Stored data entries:
== Segment start ==
lemma closed_PiE_UNIV: "closed (PiE I (\<lambda>_. UNIV) :: (nat \<Rightarrow> real) set)"
proof -
  have "PiE I (\<lambda>_. UNIV) = (\<Inter>i\<in>-I. {x :: nat \<Rightarrow> real. x i = undefined})"
    by (auto simp: PiE_def extensional_def)
  moreover have "closed {x :: nat \<Rightarrow> real. x i = undefined}" for i
    by (intro closed_Collect_eq continuous_on_product_coordinates continuous_on_const)
  ultimately show ?thesis by auto
qed

lemma sets_product_lborel_imp_borel: "X \<in> sets (product_lborel I) \<Longrightarrow> X \<in> sets borel"
proof -
  assume X: "X \<in> sets (product_lborel I)"
  have "X = ((\<lambda>x. restrict x I) -` X \<inter> space borel) \<inter> PiE I (\<lambda>_. UNIV)"
    using sets.sets_into_space[OF X] by (auto simp: space_PiM PiE_restrict)
  moreover have "(\<lambda>x. restrict x I) -` X \<inter> space borel \<in> sets borel"
    using measurable_sets[OF measurable_restrict_borel_product_lborel X] .
  ultimately show ?thesis using closed_PiE_UNIV by (metis borel_closed sets.Int)
qed

lemma borel_imp_sets_product_lborel:
  "X \<in> sets borel \<Longrightarrow> X \<subseteq> PiE I (\<lambda>_. UNIV) \<Longrightarrow> X \<in> sets (product_lborel I)"
  using measurable_sets[OF measurable_product_lborel_borel, of X I]
  by (simp add: space_PiM Int_absorb2)

lemma closedin_product_euclidean_imp_closed:
  assumes C: "closedin (product_euclidean I) C"
  shows "closed C"
proof -
  have "closedin euclidean {x \<in> topspace euclidean. restrict x I \<in> C}"
    using closedin_continuous_map_preimage[OF continuous_map_restrict_euclidean C] .
  then have "closed {x. restrict x I \<in> C}" by simp
  moreover have "C = {x. restrict x I \<in> C} \<inter> PiE I (\<lambda>_. UNIV)"
    using closedin_subset[OF C] by (auto simp: topspace_product_topology PiE_restrict)
  ultimately show ?thesis using closed_PiE_UNIV by (metis closed_Int)
qed

lemma closedin_imp_sets_product_lborel:
  "closedin (product_euclidean I) C \<Longrightarrow> C \<in> sets (product_lborel I)"
  using closedin_subset[of "product_euclidean I" C]
  by (intro borel_imp_sets_product_lborel borel_closed closedin_product_euclidean_imp_closed)
     (auto simp: topspace_product_topology)

lemma fsigma_in_imp_sets_product_lborel:
  assumes "fsigma_in (product_euclidean I) C"
  shows "C \<in> sets (product_lborel I)"
proof -
  obtain \<C> where "countable \<C>" "\<And>c. c \<in> \<C> \<Longrightarrow> closedin (product_euclidean I) c" "C = \<Union>\<C>"
    using assms unfolding fsigma_in_def union_of_def by auto
  then show ?thesis by (auto intro: sets.countable_Union closedin_imp_sets_product_lborel)
qed

lemma compact_imp_closedin_product_euclidean:
  assumes K: "compact K" "K \<subseteq> PiE I (\<lambda>_. UNIV)"
  shows "closedin (product_euclidean I) K"
proof -
  have "(\<lambda>x. restrict x I) ` K = K"
    using K(2) by (force simp: PiE_restrict image_iff)
  moreover have "compactin (product_euclidean I) ((\<lambda>x. restrict x I) ` K)"
    using K(1) by (intro image_compactin[OF _ continuous_map_restrict_euclidean]) simp
  ultimately show ?thesis
    by (metis Hausdorff_space_euclidean Hausdorff_space_product_topology compactin_imp_closedin)
qed

lemma fsigma_in_restrict_image_closedin:
  assumes C: "closedin (product_euclidean I) C" and J: "J \<subseteq> I" and I: "finite I"
  shows "fsigma_in (product_euclidean J) ((\<lambda>x. restrict x J) ` C)"
proof -
  define K where "K m = C \<inter> PiE I (\<lambda>_. {-real m..real m})" for m :: nat
  have "compactin (product_euclidean I) (K m)" for m
    unfolding K_def by (intro closed_Int_compactin C) (simp add: compactin_PiE)
  then have "compactin (product_euclidean J) ((\<lambda>x. restrict x J) ` K m)" for m
    by (rule image_compactin[OF _ continuous_map_restrict_product_euclidean[OF J]])
  then have closed_image: "closedin (product_euclidean J) ((\<lambda>x. restrict x J) ` K m)" for m
    by (rule compactin_imp_closedin[rotated]) (simp add: Hausdorff_space_product_topology)
  have "C \<subseteq> (\<Union>m. K m)"
  proof
    fix x assume x: "x \<in> C"
    obtain m :: nat where m: "(\<Sum>i\<in>I. \<bar>x i\<bar>) \<le> m"
      using real_arch_simple by blast
    have "\<bar>x i\<bar> \<le> m" if "i \<in> I" for i
      using m member_le_sum[OF that, of "\<lambda>i. \<bar>x i\<bar>"] I by force
    then have "x \<in> K m"
      using x closedin_subset[OF C] by (force simp: K_def PiE_def abs_le_iff)
    then show "x \<in> (\<Union>m. K m)" by blast
  qed
  then have "C = (\<Union>m. K m)"
    by (auto simp: K_def)
  then have "(\<lambda>x. restrict x J) ` C = (\<Union>m. (\<lambda>x. restrict x J) ` K m)"
    by (metis image_UN)
  moreover have "fsigma_in (product_euclidean J) (\<Union>m. (\<lambda>x. restrict x J) ` K m)"
    by (rule fsigma_in_Union) (auto intro: closed_imp_fsigma_in closed_image)
  ultimately show ?thesis by simp
qed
== Segment end ==
Task requirements:
Output each record exactly, leaving nothing out.

Answer for this exercise:
lemma closed_PiE_UNIV: "closed (PiE I (\<lambda>_. UNIV) :: (nat \<Rightarrow> real) set)"
proof -
  have "PiE I (\<lambda>_. UNIV) = (\<Inter>i\<in>-I. {x :: nat \<Rightarrow> real. x i = undefined})"
    by (auto simp: PiE_def extensional_def)
  moreover have "closed {x :: nat \<Rightarrow> real. x i = undefined}" for i
    by (intro closed_Collect_eq continuous_on_product_coordinates continuous_on_const)
  ultimately show ?thesis by auto
qed

lemma sets_product_lborel_imp_borel: "X \<in> sets (product_lborel I) \<Longrightarrow> X \<in> sets borel"
proof -
  assume X: "X \<in> sets (product_lborel I)"
  have "X = ((\<lambda>x. restrict x I) -` X \<inter> space borel) \<inter> PiE I (\<lambda>_. UNIV)"
    using sets.sets_into_space[OF X] by (auto simp: space_PiM PiE_restrict)
  moreover have "(\<lambda>x. restrict x I) -` X \<inter> space borel \<in> sets borel"
    using measurable_sets[OF measurable_restrict_borel_product_lborel X] .
  ultimately show ?thesis using closed_PiE_UNIV by (metis borel_closed sets.Int)
qed

lemma borel_imp_sets_product_lborel:
  "X \<in> sets borel \<Longrightarrow> X \<subseteq> PiE I (\<lambda>_. UNIV) \<Longrightarrow> X \<in> sets (product_lborel I)"
  using measurable_sets[OF measurable_product_lborel_borel, of X I]
  by (simp add: space_PiM Int_absorb2)

lemma closedin_product_euclidean_imp_closed:
  assumes C: "closedin (product_euclidean I) C"
  shows "closed C"
proof -
  have "closedin euclidean {x \<in> topspace euclidean. restrict x I \<in> C}"
    using closedin_continuous_map_preimage[OF continuous_map_restrict_euclidean C] .
  then have "closed {x. restrict x I \<in> C}" by simp
  moreover have "C = {x. restrict x I \<in> C} \<inter> PiE I (\<lambda>_. UNIV)"
    using closedin_subset[OF C] by (auto simp: topspace_product_topology PiE_restrict)
  ultimately show ?thesis using closed_PiE_UNIV by (metis closed_Int)
qed

lemma closedin_imp_sets_product_lborel:
  "closedin (product_euclidean I) C \<Longrightarrow> C \<in> sets (product_lborel I)"
  using closedin_subset[of "product_euclidean I" C]
  by (intro borel_imp_sets_product_lborel borel_closed closedin_product_euclidean_imp_closed)
     (auto simp: topspace_product_topology)

lemma fsigma_in_imp_sets_product_lborel:
  assumes "fsigma_in (product_euclidean I) C"
  shows "C \<in> sets (product_lborel I)"
proof -
  obtain \<C> where "countable \<C>" "\<And>c. c \<in> \<C> \<Longrightarrow> closedin (product_euclidean I) c" "C = \<Union>\<C>"
    using assms unfolding fsigma_in_def union_of_def by auto
  then show ?thesis by (auto intro: sets.countable_Union closedin_imp_sets_product_lborel)
qed

lemma compact_imp_closedin_product_euclidean:
  assumes K: "compact K" "K \<subseteq> PiE I (\<lambda>_. UNIV)"
  shows "closedin (product_euclidean I) K"
proof -
  have "(\<lambda>x. restrict x I) ` K = K"
    using K(2) by (force simp: PiE_restrict image_iff)
  moreover have "compactin (product_euclidean I) ((\<lambda>x. restrict x I) ` K)"
    using K(1) by (intro image_compactin[OF _ continuous_map_restrict_euclidean]) simp
  ultimately show ?thesis
    by (metis Hausdorff_space_euclidean Hausdorff_space_product_topology compactin_imp_closedin)
qed

lemma fsigma_in_restrict_image_closedin:
  assumes C: "closedin (product_euclidean I) C" and J: "J \<subseteq> I" and I: "finite I"
  shows "fsigma_in (product_euclidean J) ((\<lambda>x. restrict x J) ` C)"
proof -
  define K where "K m = C \<inter> PiE I (\<lambda>_. {-real m..real m})" for m :: nat
  have "compactin (product_euclidean I) (K m)" for m
    unfolding K_def by (intro closed_Int_compactin C) (simp add: compactin_PiE)
  then have "compactin (product_euclidean J) ((\<lambda>x. restrict x J) ` K m)" for m
    by (rule image_compactin[OF _ continuous_map_restrict_product_euclidean[OF J]])
  then have closed_image: "closedin (product_euclidean J) ((\<lambda>x. restrict x J) ` K m)" for m
    by (rule compactin_imp_closedin[rotated]) (simp add: Hausdorff_space_product_topology)
  have "C \<subseteq> (\<Union>m. K m)"
  proof
    fix x assume x: "x \<in> C"
    obtain m :: nat where m: "(\<Sum>i\<in>I. \<bar>x i\<bar>) \<le> m"
      using real_arch_simple by blast
    have "\<bar>x i\<bar> \<le> m" if "i \<in> I" for i
      using m member_le_sum[OF that, of "\<lambda>i. \<bar>x i\<bar>"] I by force
    then have "x \<in> K m"
      using x closedin_subset[OF C] by (force simp: K_def PiE_def abs_le_iff)
    then show "x \<in> (\<Union>m. K m)" by blast
  qed
  then have "C = (\<Union>m. K m)"
    by (auto simp: K_def)
  then have "(\<lambda>x. restrict x J) ` C = (\<Union>m. (\<lambda>x. restrict x J) ` K m)"
    by (metis image_UN)
  moreover have "fsigma_in (product_euclidean J) (\<Union>m. (\<lambda>x. restrict x J) ` K m)"
    by (rule fsigma_in_Union) (auto intro: closed_imp_fsigma_in closed_image)
  ultimately show ?thesis by simp
qed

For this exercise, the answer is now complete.